Was erwarten die Versorger?

Ein zentrales Ziel von „InSchuKa 4.0“ war neben der technischen Entwicklung auch der Transfer in die kommunale Praxis. Das Team der Hochschule Hof untersuchte daher auch die Entscheidungsprozesse in Stadtwerken und Verwaltungen: Welche Erwartungen bestehen an KI-gestützte Steuerungssysteme? Welche Chancen werden gesehen – und welche Hürden?
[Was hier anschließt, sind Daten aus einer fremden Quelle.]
(* For all integers $n, k \geq 1$ with $n \geq k$, $$\sum_{i=k}^{n} \frac{s(n-1,i-1)\, S(i,k)}{i} = \frac{1}{n}\binom{n}{k} B_{n-k}^*.$$
   Context: For $n \geq 0$, $X^{\underline{n}} := X(X-1)\cdots(X-n+1)$ ($X^{\underline{0}}=1$). The (signed) Stirling numbers of the first kind $s(n,k)$ are defined by $X^{\underline{n}} = \sum_{k=0}^{n} s(n,k) X^k$, and the Stirling numbers of the second kind $S(n,k)$ by $X^n = \sum_{k=0}^{n} S(n,k) X^{\underline{k}}$ (for all $n\ge 0$), with $s(n,k)=S(n,k)=0$ when $n<k$. The Bernoulli numbers of the second kind $B_n^*$ are defined by $\frac{t}{\log(1+t)} = \sum_{n \ge 0} B_n^* \frac{t^n}{n!}$. *)

theory Defs
  imports "HOL-Combinatorics.Stirling" "HOL-Computational_Algebra.Computational_Algebra"
begin

definition falling_poly :: "nat \<Rightarrow> int poly" where
  "falling_poly n = (\<Prod>i<n. [:- of_nat i, 1:])"

definition stirling1s :: "nat \<Rightarrow> nat \<Rightarrow> int" where
  "stirling1s n k = coeff (falling_poly n) k"

text \<open>Bernoulli numbers of the second kind: t / log(1+t) = sum B*_n t^n / n!.
  fps_ln 1 is the formal series of log(1+t).\<close>
definition bernoulli2 :: "nat \<Rightarrow> real" where
  "bernoulli2 n = fact n * ((fps_X / fps_ln (1::real)) $ n)"

end

theory Submission
  imports Defs
begin

(* Write L = log(1 + t). The exponential generating function of the j-th column of the
   signed Stirling numbers of the first kind is L^j / j!, so orthogonality of s and S says
   that sum_{i <= n} S(i,k) L^i / i! agrees with t^k / k! up to order n. Since
   t L^(i-1) = (t / L) L^i, the term s(n-1,i-1) / i is (n-1)!/i! times the t^n coefficient
   of (t / L) L^i; summing against S(i,k) leaves (n-1)!/k! times the t^(n-k) coefficient
   of t / L, which is B*_(n-k) / (n-k)!. *)

lemma falling_poly_Suc: "falling_poly (Suc m) = [:- of_nat m, 1:] * falling_poly m"
  by (simp add: falling_poly_def lessThan_Suc)

lemma stirling1s_0_left: "stirling1s 0 j = (if j = 0 then 1 else 0)"
  by (simp add: stirling1s_def falling_poly_def coeff_1)

lemma stirling1s_Suc:
  "stirling1s (Suc m) j = (if j = 0 then 0 else stirling1s m (j - 1)) - of_nat m * stirling1s m j"
  by (cases j) (simp_all add: stirling1s_def falling_poly_Suc)

lemma stirling1s_Suc_0: "stirling1s (Suc m) 0 = 0"
  by (induction m) (simp_all add: stirling1s_Suc stirling1s_0_left)

lemma stirling1s_eq_0: "m < j \<Longrightarrow> stirling1s m j = 0"
  by (induction m arbitrary: j) (simp_all add: stirling1s_0_left stirling1s_Suc)

lemma stirling1s_Stirling_orthogonal:
  "(\<Sum>i\<le>m. stirling1s m i * int (Stirling i k)) = (if m = k then 1 else 0)"
proof (induction m arbitrary: k)
  case 0
  then show ?case by (simp add: stirling1s_0_left)
next
  case (Suc m)
  have shift: "(\<Sum>i\<le>Suc m. (if i = 0 then 0 else stirling1s m (i - 1)) * int (Stirling i k))
      = (\<Sum>i\<le>m. stirling1s m i * int (Stirling (Suc i) k))"
    by (subst sum.atMost_Suc_shift) simp
  have "(\<Sum>i\<le>Suc m. stirling1s (Suc m) i * int (Stirling i k))
      = (\<Sum>i\<le>m. stirling1s m i * int (Stirling (Suc i) k))
        - int m * (\<Sum>i\<le>Suc m. stirling1s m i * int (Stirling i k))"
    by (simp only: stirling1s_Suc left_diff_distrib sum_subtractf shift sum_distrib_left mult.assoc)
  also have "(\<Sum>i\<le>Suc m. stirling1s m i * int (Stirling i k)) = (if m = k then 1 else 0)"
    using Suc.IH by (simp add: stirling1s_eq_0)
  finally have rec: "(\<Sum>i\<le>Suc m. stirling1s (Suc m) i * int (Stirling i k))
      = (\<Sum>i\<le>m. stirling1s m i * int (Stirling (Suc i) k))
        - int m * (if m = k then 1 else 0)" .
  show ?case
  proof (cases k)
    case 0
    then show ?thesis unfolding rec by simp
  next
    case (Suc k')
    then have "(\<Sum>i\<le>m. stirling1s m i * int (Stirling (Suc i) k))
        = int k * (\<Sum>i\<le>m. stirling1s m i * int (Stirling i k))
          + (\<Sum>i\<le>m. stirling1s m i * int (Stirling i k'))"
      by (simp add: algebra_simps sum.distrib sum_distrib_left)
    with Suc show ?thesis unfolding rec Suc.IH by simp
  qed
qed

(* The coefficients of (1 + t) (L^(j+1))' = (j + 1) L^j. *)
lemma fps_ln_power_deriv_rec:
  fixes L :: "'a::field_char_0 fps"
  defines "L \<equiv> fps_ln 1"
  shows "of_nat (Suc m) * (L ^ Suc j) $ Suc m + of_nat m * (L ^ Suc j) $ m
         = of_nat (Suc j) * (L ^ j) $ m"
proof -
  have "(1 + fps_X) * inverse (1 + fps_X :: 'a fps) = 1"
    by (rule inverse_mult_eq_1') simp
  moreover have "fps_deriv (L ^ Suc j) = fps_const (of_nat (Suc j)) * inverse (1 + fps_X) * L ^ j"
    by (simp only: L_def fps_deriv_power fps_ln_deriv) simp
  ultimately have "(1 + fps_X) * fps_deriv (L ^ Suc j) = fps_const (of_nat (Suc j)) * L ^ j"
    by (metis (no_types, lifting) mult.assoc mult.commute mult.left_neutral)
  then have "(fps_deriv (L ^ Suc j) + fps_X * fps_deriv (L ^ Suc j)) $ m
      = of_nat (Suc j) * (L ^ j) $ m"
    by (simp add: distrib_right)
  then show ?thesis
    by (cases m) (simp_all del: power_Suc add: algebra_simps)
qed

lemma fps_ln_power_nth:
  "fact m * (fps_ln (1::'a::field_char_0) ^ j) $ m = fact j * of_int (stirling1s m j)"
proof (induction m arbitrary: j)
  case 0
  then show ?case by (cases j) (simp_all add: stirling1s_0_left)
next
  case (Suc m)
  show ?case
  proof (cases j)
    case 0
    then show ?thesis by (simp add: stirling1s_Suc_0)
  next
    case (Suc j')
    let ?L = "fps_ln (1::'a)"
    have "fact (Suc m) * (?L ^ Suc j') $ Suc m = fact m * (of_nat (Suc m) * (?L ^ Suc j') $ Suc m)"
      by simp
    also have "\<dots> = fact m * (of_nat (Suc j') * (?L ^ j') $ m - of_nat m * (?L ^ Suc j') $ m)"
      using fps_ln_power_deriv_rec[of m j'] by (metis eq_diff_eq)
    also have "\<dots> = of_nat (Suc j') * (fact m * (?L ^ j') $ m)
        - of_nat m * (fact m * (?L ^ Suc j') $ m)"
      by (simp add: algebra_simps)
    also have "\<dots> = fact (Suc j') * of_int (stirling1s (Suc m) (Suc j'))"
      by (simp only: Suc.IH) (simp add: stirling1s_Suc algebra_simps)
    finally show ?thesis by (simp only: Suc)
  qed
qed

lemma fps_X_div_fps_ln_mult: "fps_X / fps_ln 1 * fps_ln (1::'a::field_char_0) = fps_X"
proof -
  have "subdegree (fps_ln (1::'a)) = 1"
    by (rule subdegreeI) (auto simp: fps_ln_nth)
  then have "fps_ln (1::'a) dvd fps_X"
    by (subst fps_dvd_iff) auto
  then show ?thesis by simp
qed

lemma fps_X_div_fps_ln_mult_power_nth:
  "(fps_X / fps_ln 1 * fps_ln (1::'a::field_char_0) ^ Suc j) $ Suc m
   = fact j * of_int (stirling1s m j) / fact m"
proof -
  let ?L = "fps_ln (1::'a)"
  have "fps_X / ?L * ?L ^ Suc j = (fps_X / ?L * ?L) * ?L ^ j"
    by (simp only: power_Suc mult.assoc)
  also have "\<dots> = fps_X * ?L ^ j"
    by (simp only: fps_X_div_fps_ln_mult)
  finally have "(fps_X / ?L * ?L ^ Suc j) $ Suc m = (fps_X * ?L ^ j) $ Suc m"
    by (rule arg_cong)
  with fps_ln_power_nth[of m j] show ?thesis
    by (simp add: field_simps)
qed

lemma sum_Stirling_fps_ln_power_nth:
  assumes "m \<le> n"
  shows "(\<Sum>i\<le>n. fps_const (of_nat (Stirling i k) / fact i)
            * fps_ln (1::'a::field_char_0) ^ i) $ m
         = (if m = k then 1 / fact k else 0)"
proof -
  have "(fps_ln (1::'a) ^ i) $ m = fact i * of_int (stirling1s m i) / fact m" for i
    using fps_ln_power_nth[of m i] by (simp add: field_simps)
  then have "(\<Sum>i\<le>n. fps_const (of_nat (Stirling i k) / fact i) * fps_ln (1::'a) ^ i) $ m
      = of_int (\<Sum>i\<le>n. stirling1s m i * int (Stirling i k)) / fact m"
    by (simp add: fps_sum_nth of_int_sum sum_divide_distrib mult_ac)
  also have "(\<Sum>i\<le>n. stirling1s m i * int (Stirling i k))
      = (\<Sum>i\<le>m. stirling1s m i * int (Stirling i k))"
    using assms by (intro sum.mono_neutral_right) (simp_all add: stirling1s_eq_0)
  finally show ?thesis
    unfolding stirling1s_Stirling_orthogonal by simp
qed

theorem theorem4:
  fixes n k :: nat
  assumes "k \<ge> 1" and "n \<ge> 1" and "n \<ge> k"
  shows "(\<Sum>i=k..n. real_of_int (stirling1s (n - 1) (i - 1)) * real (Stirling i k) / real i)
         = 1 / real n * real (n choose k) * bernoulli2 (n - k)"
proof -
  define L where "L = fps_ln (1::real)"
  define G where "G = fps_X / L"
  define P where "P = (\<Sum>i\<le>n. fps_const (real (Stirling i k) / fact i) * L ^ i)"
  have "(\<Sum>i=k..n. real_of_int (stirling1s (n - 1) (i - 1)) * real (Stirling i k) / real i)
      = (\<Sum>i\<le>n. fact (n - 1) * (real (Stirling i k) / fact i * (G * L ^ i) $ n))"
  proof (rule sum.mono_neutral_cong_left)
    fix i
    assume "i \<in> {k..n}"
    with assms obtain i' n' where i: "i = Suc i'" and n: "n = Suc n'"
      by (metis Suc_pred' atLeastAtMost_iff le_trans less_eq_Suc_le One_nat_def)
    show "real_of_int (stirling1s (n - 1) (i - 1)) * real (Stirling i k) / real i
        = fact (n - 1) * (real (Stirling i k) / fact i * (G * L ^ i) $ n)"
      unfolding G_def L_def i n fps_X_div_fps_ln_mult_power_nth
      by (simp add: field_simps del: of_nat_Suc)
  qed auto
  also have "\<dots> = fact (n - 1) * (G * P) $ n"
    unfolding P_def sum_distrib_left fps_sum_nth mult.left_commute[of G] fps_mult_left_const_nth
    by (simp add: mult_ac)
  also have "(G * P) $ n = (\<Sum>a=0..n. if a = n - k then G $ a / fact k else 0)"
    unfolding fps_mult_nth P_def L_def using assms
    by (intro sum.cong) (auto simp: sum_Stirling_fps_ln_power_nth)
  also have "\<dots> = G $ (n - k) / fact k"
    by simp
  also have "fact (n - 1) * (G $ (n - k) / fact k)
      = 1 / real n * real (n choose k) * bernoulli2 (n - k)"
    using assms by (simp add: bernoulli2_def G_def L_def binomial_fact field_simps fact_reduce)
  finally show ?thesis .
qed

end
Eine bundesweite Online-Befragung von 154 Fachleuten aus Kommunen, Ingenieurbüros und Behörden zeigte: Intelligente Kanalnetzsteuerung wird als notwendiger Schritt zur Klimaanpassung erkannt. Gleichzeitig nannten die Teilnehmenden Hindernisse wie Fachkräftemangel, Ressourcenknappheit und Transparenzanforderungen bei KI-Entscheidungen.

Steuerungsansätze auf weitere Projekte übertragen

Zum Projektende im lud JenaWasser zur Abschlussveranstaltung ein. Vertreterinnen und Vertreter aus Kommunen, Fachverbänden und Ingenieurbüros konnten die Ergebnisse nicht nur hören, sondern auch sehen: Bei einer Live-Demonstration im Kanalnetz wurde gezeigt, wie das System Stauraum aktiviert, Abflüsse drosselt und gezielte Spülwellen auslöst. „Mit ‚InSchuKa 4.0‘ konnten wir zeigen, dass KI im Kanalnetz keine Zukunftsvision ist, sondern bereits heute funktioniert“, betont Professor Günter Müller-Czygan, Leiter des inwa. „Die Lösung ist erklärbar, übertragbar – und bereit für den Einsatz in anderen Städten.“ Der Verbund plant, die entwickelten Konzepte und Steuerungsansätze in weiteren Projekten fortzuführen – mit Fokus auf Wissenstransfer, Schulungen für Betriebspersonal sowie der Weiterentwicklung der KI-Algorithmen.